People and organisations
- Monarch: Juan Carlos I
- Prime Minister: José María Aznar
- Deputy Prime Ministers: First: Francisco Álvarez-Cascos; ; Second: Rodrigo Rato; ;
- No. of ministers: 15
- Total no. of members: 19
- Member party: PP
- Status in legislature: Minority (single-party)
- Opposition party: PSOE
- Opposition leader: Felipe González (1996–1997) Joaquín Almunia (1997–1998) Josep Borrell (1998–1999) Joaquín Almunia (1999–2000)

History
- Election: 1996 general election
- Outgoing election: 2000 general election
- Legislature term: 6th Cortes Generales
- Budget: 1997, 1998, 1999, 2000
- Predecessor: González IV
- Successor: Aznar II

= First government of José María Aznar =

1996–2000 government of Spain

The first government of José María Aznar was formed on 6 May 1996, following the latter's election as prime minister of Spain by the Congress of Deputies on 4 May and his swearing-in on 5 May, as a result of the People's Party (PP) emerging as the largest parliamentary force at the 1996 Spanish general election. It succeeded the fourth González government and was the government of Spain from 6 May 1996 to 28 April 2000, a total of days, or .

The cabinet comprised members of the PP and a number of independents. It was automatically dismissed on 13 March 2000 as a consequence of the 2000 general election, but remained in acting capacity until the next government was sworn in.

==Investiture==

Investiture Congress of Deputies Nomination of José María Aznar (PP)
| Ballot → |  | 4 May 1996 |
| Required majority → |  | 176 out of 350 |
|  | Yes • PP (156) ; • CiU (16) ; • PNV (5) ; • CC (4) ; | 181 / 350 |
|  | No • PSOE (141) ; • IU–IC (21) ; • BNG (2) ; • ERC (1) ; • EA (1) ; | 166 / 350 |
|  | Abstentions • UV (1) ; | 1 / 350 |
|  | Absentees • HB (2) ; | 2 / 350 |
Sources

==Cabinet changes==
Aznar's first government saw a number of cabinet changes during its tenure:
- On 16 July 1998, Josep Piqué was assigned the functions of Spokesperson of the Government after the resignation of Miguel Ángel Rodríguez as Secretary of State for Press on 10 July.
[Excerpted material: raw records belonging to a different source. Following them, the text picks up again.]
(* Let $n\geq3$ be odd. Let $\mathcal{Q}$ be the set of partitions $p$ of $\{1,\dots,n\}$ such that one block of $p$ has odd cardinality and all other blocks have cardinality $2$. For $p\in\mathcal{Q}$ let $\varepsilon''(p)=(-1)^{\frac12(|I|-1)}$, where $I$ is the odd block of $p$. Then $\sum_{p\in\mathcal{Q}}\varepsilon(p)\varepsilon''(p)=0$.
   Context: For an ordered partition $P=(I_1,\dots,I_k)$ of $\{1,\dots,n\}$ into nonempty blocks with $n_i=|I_i|$, $\sigma_P\in\mathfrak{S}_n$ is the unique permutation such that $\sigma_P^{-1}$ maps $\{n_1+\dots+n_i+1,\dots,n_1+\dots+n_{i+1}\}$ increasingly onto $I_{i+1}$, and $\varepsilon(P)=\mathrm{sgn}(\sigma_P)$. For a partition $p$ with at most one block of odd cardinality, $\varepsilon(P)$ does not depend on the ordering $P$ of the blocks of $p$, and this common value is $\varepsilon(p)$. *)

theory Defs
  imports "HOL-Combinatorics.Permutations" "HOL-Library.Disjoint_Sets"
begin

text \<open>An ordered partition of {1..n} is a list Is of blocks.\<close>
definition sigmaP_inv :: "nat \<Rightarrow> nat set list \<Rightarrow> nat \<Rightarrow> nat" where
  "sigmaP_inv n Is = (\<lambda>j. if j \<in> {1..n} then concat (map sorted_list_of_set Is) ! (j - 1) else j)"

definition sigmaP :: "nat \<Rightarrow> nat set list \<Rightarrow> nat \<Rightarrow> nat" where
  "sigmaP n Is = inv (sigmaP_inv n Is)"

definition eps_ord :: "nat \<Rightarrow> nat set list \<Rightarrow> int" where
  "eps_ord n Is = sign (sigmaP n Is)"

text \<open>epsilon of an (unordered) partition: epsilon of some ordering of its blocks
  (well defined when at most one block is odd).\<close>
definition eps_part :: "nat \<Rightarrow> nat set set \<Rightarrow> int" where
  "eps_part n p = eps_ord n (SOME Is. distinct Is \<and> set Is = p)"

definition odd_block :: "nat set set \<Rightarrow> nat set" where
  "odd_block p = (THE I. I \<in> p \<and> odd (card I))"

definition eps2 :: "nat set set \<Rightarrow> int" where
  "eps2 p = (-1) ^ ((card (odd_block p) - 1) div 2)"

definition Qset :: "nat \<Rightarrow> nat set set set" where
  "Qset n = {p. partition_on {1..n} p \<and>
      (\<exists>I\<in>p. odd (card I) \<and> (\<forall>J\<in>p. J \<noteq> I \<longrightarrow> card J = 2))}"

end

theory Submission
  imports Defs "HOL-Combinatorics.Multiset_Permutations"
begin

(* A sign-reversing involution on Q.  If {1,2} is a block of p, merge it into the odd block I;
   if 1 and 2 both lie in I, split {1,2} off I.  These moves are mutually inverse and change |I|
   by 2, which flips eps''; they do not change eps, because listing the blocks {1,2}, I - {1,2}
   increasingly gives the same word as listing I increasingly.  Otherwise 1 and 2 lie in
   different blocks, and exchanging the values 1 and 2 keeps every block increasing, so it
   composes sigma_P with a transposition: eps flips and eps'' is unchanged.  Throughout, eps is
   computed from any ordering of the blocks, which is legitimate because moving a block past a
   word of even length is an even permutation. *)

section \<open>Signs of words\<close>

definition word_perm :: "nat \<Rightarrow> nat list \<Rightarrow> nat \<Rightarrow> nat" where
  "word_perm n xs = (\<lambda>j. if j \<in> {1..n} then xs ! (j - 1) else j)"

definition word_sign :: "nat \<Rightarrow> nat list \<Rightarrow> int" where
  "word_sign n xs = sign (word_perm n xs)"

lemma word_perm_permutes:
  assumes xs: "xs \<in> permutations_of_set {1..n}"
  shows "word_perm n xs permutes {1..n}"
proof (rule bij_imp_permutes)
  have len: "length xs = n"
    using length_finite_permutations_of_set[OF xs] by simp
  have "bij_betw (\<lambda>j. j - 1) {1..n} {..<n}"
    by (rule bij_betw_byWitness[where f' = Suc]) auto
  moreover have "bij_betw ((!) xs) {..<n} {1..n}"
    using xs len by (intro bij_betw_nth) (auto dest: permutations_of_setD)
  ultimately have "bij_betw ((!) xs \<circ> (\<lambda>j. j - 1)) {1..n} {1..n}"
    by (rule bij_betw_trans)
  then show "bij_betw (word_perm n xs) {1..n} {1..n}"
    by (rule bij_betw_cong[THEN iffD1, rotated]) (simp add: word_perm_def)
  show "word_perm n xs j = j" if "j \<notin> {1..n}" for j
    using that by (auto simp: word_perm_def)
qed

lemma permutation_word_perm:
  "xs \<in> permutations_of_set {1..n} \<Longrightarrow> permutation (word_perm n xs)"
  using word_perm_permutes permutation_permutes by blast

lemma permutations_of_set_mset_eq:
  "xs \<in> permutations_of_set A \<Longrightarrow> mset ys = mset xs \<Longrightarrow> ys \<in> permutations_of_set A"
  unfolding permutations_of_set_def by (metis mem_Collect_eq mset_eq_setD mset_eq_imp_distinct_iff)

lemma word_sign_map:
  assumes xs: "xs \<in> permutations_of_set {1..n}" and f: "f permutes {1..n}"
  shows "word_sign n (map f xs) = sign f * word_sign n xs"
proof -
  have len: "length xs = n"
    using length_finite_permutations_of_set[OF xs] by simp
  have "word_perm n (map f xs) = f \<circ> word_perm n xs"
    using len permutes_not_in[OF f] by (auto simp: word_perm_def fun_eq_iff)
  moreover have "permutation f"
    using f finite_atLeastAtMost permutation_permutes by blast
  ultimately show ?thesis
    unfolding word_sign_def by (simp add: sign_compose permutation_word_perm[OF xs])
qed

lemma word_sign_swap_adjacent:
  assumes xs: "A @ [x, y] @ D \<in> permutations_of_set {1..n}"
  shows "word_sign n (A @ [y, x] @ D) = - word_sign n (A @ [x, y] @ D)"
proof -
  let ?k = "length A"
  have len: "length (A @ [x, y] @ D) = n"
    using length_finite_permutations_of_set[OF xs] by simp
  have "word_perm n (A @ [y, x] @ D) = word_perm n (A @ [x, y] @ D) \<circ> transpose (?k + 1) (?k + 2)"
  proof
    fix j
    show "word_perm n (A @ [y, x] @ D) j = (word_perm n (A @ [x, y] @ D) \<circ> transpose (?k + 1) (?k + 2)) j"
      using len
      by (cases "j = ?k + 1"; cases "j = ?k + 2")
         (auto simp: word_perm_def nth_append transpose_def nth_Cons split: nat.splits)
  qed
  then show ?thesis
    unfolding word_sign_def
    using sign_compose[OF permutation_word_perm[OF xs] permutation_swap_id] by (simp add: sign_swap_id)
qed

lemma word_sign_move_past:
  "A @ [x] @ C @ D \<in> permutations_of_set {1..n} \<Longrightarrow>
    word_sign n (A @ C @ [x] @ D) = (-1) ^ length C * word_sign n (A @ [x] @ C @ D)"
proof (induction C arbitrary: A)
  case Nil
  then show ?case by simp
next
  case (Cons y C)
  have "A @ [x, y] @ C @ D \<in> permutations_of_set {1..n}"
    using Cons.prems by simp
  then have swap: "word_sign n ((A @ [y]) @ [x] @ C @ D) = - word_sign n (A @ [x] @ (y # C) @ D)"
    using word_sign_swap_adjacent by fastforce
  have "(A @ [y]) @ [x] @ C @ D \<in> permutations_of_set {1..n}"
    by (rule permutations_of_set_mset_eq[OF Cons.prems]) simp
  from Cons.IH[OF this] swap show ?case
    by simp
qed

lemma word_sign_move_block:
  "A @ X @ C @ D \<in> permutations_of_set {1..n} \<Longrightarrow>
    word_sign n (A @ C @ X @ D) = (-1) ^ (length X * length C) * word_sign n (A @ X @ C @ D)"
proof (induction X arbitrary: A)
  case Nil
  then show ?case by simp
next
  case (Cons x X)
  have "(A @ [x]) @ X @ C @ D \<in> permutations_of_set {1..n}"
    using Cons.prems by simp
  note IH = Cons.IH[OF this]
  have "A @ [x] @ C @ (X @ D) \<in> permutations_of_set {1..n}"
    by (rule permutations_of_set_mset_eq[OF Cons.prems]) simp
  note move = word_sign_move_past[OF this]
  show ?case
    using IH move by (simp add: power_add algebra_simps)
qed

section \<open>Block words and the sign of a partition\<close>

definition block_word :: "'a::linorder set list \<Rightarrow> 'a list" where
  "block_word Is = concat (map sorted_list_of_set Is)"

lemma block_word_Nil [simp]: "block_word [] = []"
  and block_word_Cons [simp]: "block_word (X # Is) = sorted_list_of_set X @ block_word Is"
  and block_word_append [simp]: "block_word (Is @ Js) = block_word Is @ block_word Js"
  by (simp_all add: block_word_def)

lemma even_length_block_word:
  "\<forall>X\<in>set Is. even (card X) \<Longrightarrow> even (length (block_word Is))"
  by (induction Is) (auto simp: length_sorted_list_of_set)

lemma sorted_list_of_set_Un_less:
  assumes "finite A" "finite B" "\<And>x y. x \<in> A \<Longrightarrow> y \<in> B \<Longrightarrow> x < y"
  shows "sorted_list_of_set (A \<union> B) = sorted_list_of_set A @ sorted_list_of_set B"
proof -
  have "A \<inter> B = {}"
    using assms(3) by fastforce
  then have "length (sorted_list_of_set A @ sorted_list_of_set B) = card (A \<union> B)"
    using assms(1,2) by (simp add: card_Un_disjoint length_sorted_list_of_set)
  moreover have "sorted_wrt (<) (sorted_list_of_set A @ sorted_list_of_set B)"
    using assms by (simp add: sorted_wrt_append strict_sorted_list_of_set)
  ultimately show ?thesis
    using assms(1,2) by (intro sorted_list_of_set_unique[THEN iffD1]) auto
qed

lemma sorted_list_of_set_image_strict_mono_on:
  assumes "finite X" "strict_mono_on X f"
  shows "sorted_list_of_set (f ` X) = map f (sorted_list_of_set X)"
proof -
  have "sorted_wrt (<) (map f (sorted_list_of_set X))"
    unfolding sorted_wrt_map
    by (rule sorted_wrt_mono_rel[OF _ strict_sorted_list_of_set])
       (use assms in \<open>auto simp: strict_mono_on_def\<close>)
  moreover have "length (map f (sorted_list_of_set X)) = card (f ` X)"
    using assms by (simp add: card_image strict_mono_on_imp_inj_on length_sorted_list_of_set)
  ultimately show ?thesis
    using assms by (intro sorted_list_of_set_unique[THEN iffD1]) auto
qed

lemma block_word_map_image:
  "\<forall>X\<in>set Is. finite X \<and> strict_mono_on X f \<Longrightarrow>
    block_word (map ((`) f) Is) = map f (block_word Is)"
  by (induction Is) (simp_all add: sorted_list_of_set_image_strict_mono_on)

lemma strict_mono_on_transpose_Suc:
  fixes a :: nat
  assumes "\<not> {a, Suc a} \<subseteq> X"
  shows "strict_mono_on X (transpose a (Suc a))"
  using assms by (auto simp: strict_mono_on_def transpose_def)

lemma block_word_in_permutations_of_set:
  assumes P: "partition_on A (set Is)" and "finite A" and "distinct Is"
  shows "block_word Is \<in> permutations_of_set A"
proof
  have fin: "finite X" if "X \<in> set Is" for X
    using that partition_onD1[OF P] \<open>finite A\<close> by (metis Union_upper finite_subset)
  then show "set (block_word Is) = A"
    using partition_onD1[OF P] by (auto simp: block_word_def)
  have "distinct (map sorted_list_of_set Is)"
    using \<open>distinct Is\<close> fin by (auto simp: distinct_map inj_on_def sorted_list_of_set_inject)
  moreover have "set xs \<inter> set ys = {}"
    if "xs \<in> sorted_list_of_set ` set Is" "ys \<in> sorted_list_of_set ` set Is" "xs \<noteq> ys" for xs ys
    using that fin partition_onD2[OF P] unfolding disjoint_def
    by (metis disjoint_iff image_iff set_sorted_list_of_set)
  ultimately show "distinct (block_word Is)"
    unfolding block_word_def by (intro distinct_concat) auto
qed

definition at_most_one_odd :: "'a set set \<Rightarrow> bool" where
  "at_most_one_odd P \<longleftrightarrow> (\<forall>X\<in>P. \<forall>Y\<in>P. X \<noteq> Y \<longrightarrow> even (card X) \<or> even (card Y))"

lemma word_sign_block_word_reorder:
  "distinct Is \<Longrightarrow> distinct Js \<Longrightarrow> set Is = set Js \<Longrightarrow> at_most_one_odd (set Is) \<Longrightarrow>
    A @ block_word Is \<in> permutations_of_set {1..n} \<Longrightarrow>
    word_sign n (A @ block_word Is) = word_sign n (A @ block_word Js)"
proof (induction Js arbitrary: A Is)
  case Nil
  then show ?case by simp
next
  case (Cons J Js)
  obtain P R where Is: "Is = P @ J # R"
    using Cons.prems(3) by (metis list.set_intros(1) split_list)
  let ?J = "sorted_list_of_set J"
  have perm: "A @ ?J @ block_word P @ block_word R \<in> permutations_of_set {1..n}"
    by (rule permutations_of_set_mset_eq[OF Cons.prems(5)]) (simp add: Is)
  have even: "even (card J * length (block_word P))"
  proof (cases "even (card J)")
    case False
    have "X \<noteq> J" if "X \<in> set P" for X
      using that Cons.prems(1) Is by auto
    with False Cons.prems(4) have "\<forall>X\<in>set P. even (card X)"
      unfolding Is at_most_one_odd_def by auto
    then show ?thesis
      by (simp add: even_length_block_word)
  qed simp
  have "word_sign n (A @ block_word Is) = word_sign n (A @ block_word P @ ?J @ block_word R)"
    by (simp add: Is)
  also have "\<dots> = word_sign n (A @ ?J @ block_word P @ block_word R)"
    using word_sign_move_block[OF perm] even by (simp add: length_sorted_list_of_set)
  also have "\<dots> = word_sign n ((A @ ?J) @ block_word (P @ R))"
    by simp
  also have "\<dots> = word_sign n ((A @ ?J) @ block_word Js)"
  proof (rule Cons.IH)
    show "set (P @ R) = set Js"
      using Cons.prems(1-3) Is by auto
    show "at_most_one_odd (set (P @ R))"
      using Cons.prems(4) Is unfolding at_most_one_odd_def by simp
  qed (use Cons.prems Is perm in auto)
  finally show ?case
    by simp
qed

lemma eps_ord_eq_word_sign:
  assumes "partition_on {1..n} (set Is)" "distinct Is"
  shows "eps_ord n Is = word_sign n (block_word Is)"
proof -
  have "sigmaP_inv n Is = word_perm n (block_word Is)"
    by (simp add: sigmaP_inv_def word_perm_def block_word_def)
  moreover have "block_word Is \<in> permutations_of_set {1..n}"
    using assms by (intro block_word_in_permutations_of_set) auto
  ultimately show ?thesis
    unfolding eps_ord_def sigmaP_def word_sign_def by (simp add: sign_inverse permutation_word_perm)
qed

lemma eps_part_eq_word_sign:
  assumes P: "partition_on {1..n} p" "at_most_one_odd p" and Is: "distinct Is" "set Is = p"
  shows "eps_part n p = word_sign n (block_word Is)"
proof -
  define Js where "Js = (SOME Js. distinct Js \<and> set Js = p)"
  have "finite p"
    using P(1) finite_elements by blast
  then have Js: "distinct Js" "set Js = p"
    unfolding Js_def using finite_distinct_list someI_ex[of "\<lambda>Js. distinct Js \<and> set Js = p"] by auto
  have "eps_part n p = word_sign n ([] @ block_word Js)"
    unfolding eps_part_def Js_def[symmetric] using eps_ord_eq_word_sign P Js by simp
  also have "\<dots> = word_sign n ([] @ block_word Is)"
    using Js Is P block_word_in_permutations_of_set
    by (intro word_sign_block_word_reorder) auto
  finally show ?thesis
    by simp
qed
The office had been vacant de jure since the new government was sworn into office in May 1996, but Rodríguez exercised as de facto spokesperson by attending press conferences held after the councils of ministers until his resignation and Piqué's subsequent appointment.
- On 19 January 1999, following the nomination of Javier Arenas and Esperanza Aguirre to become new secretary-general of the People's Party (PP) and President of the Senate of Spain, respectively, a cabinet reshuffle ensued which saw Manuel Pimentel being named as new Minister of Labour and Social Affairs, whereas Mariano Rajoy replaced Aguirre in Education and Culture. Ángel Acebes was appointed to fill Rajoy's vacancy in the Public Administrations ministry.
- On 30 April 1999, Jesús Posada replaced Loyola de Palacio in the Agriculture, Fisheries and Food portfolio after the latter was nominated on 22 April to run as the PP leading candidate in the 1999 European Parliament election.
- On 21 February 2000, Manuel Pimentel resigned as Minister of Labour and Social Affairs as a result of a scandal involving irregularities conducted by one of his closest collaborators, Juan Aycart, leading Aznar to appoint Juan Carlos Aparicio as a replacement.

==Council of Ministers==
The Council of Ministers was structured into the offices for the prime minister, the two deputy prime ministers, 14 ministries and the post of the spokesperson of the Government.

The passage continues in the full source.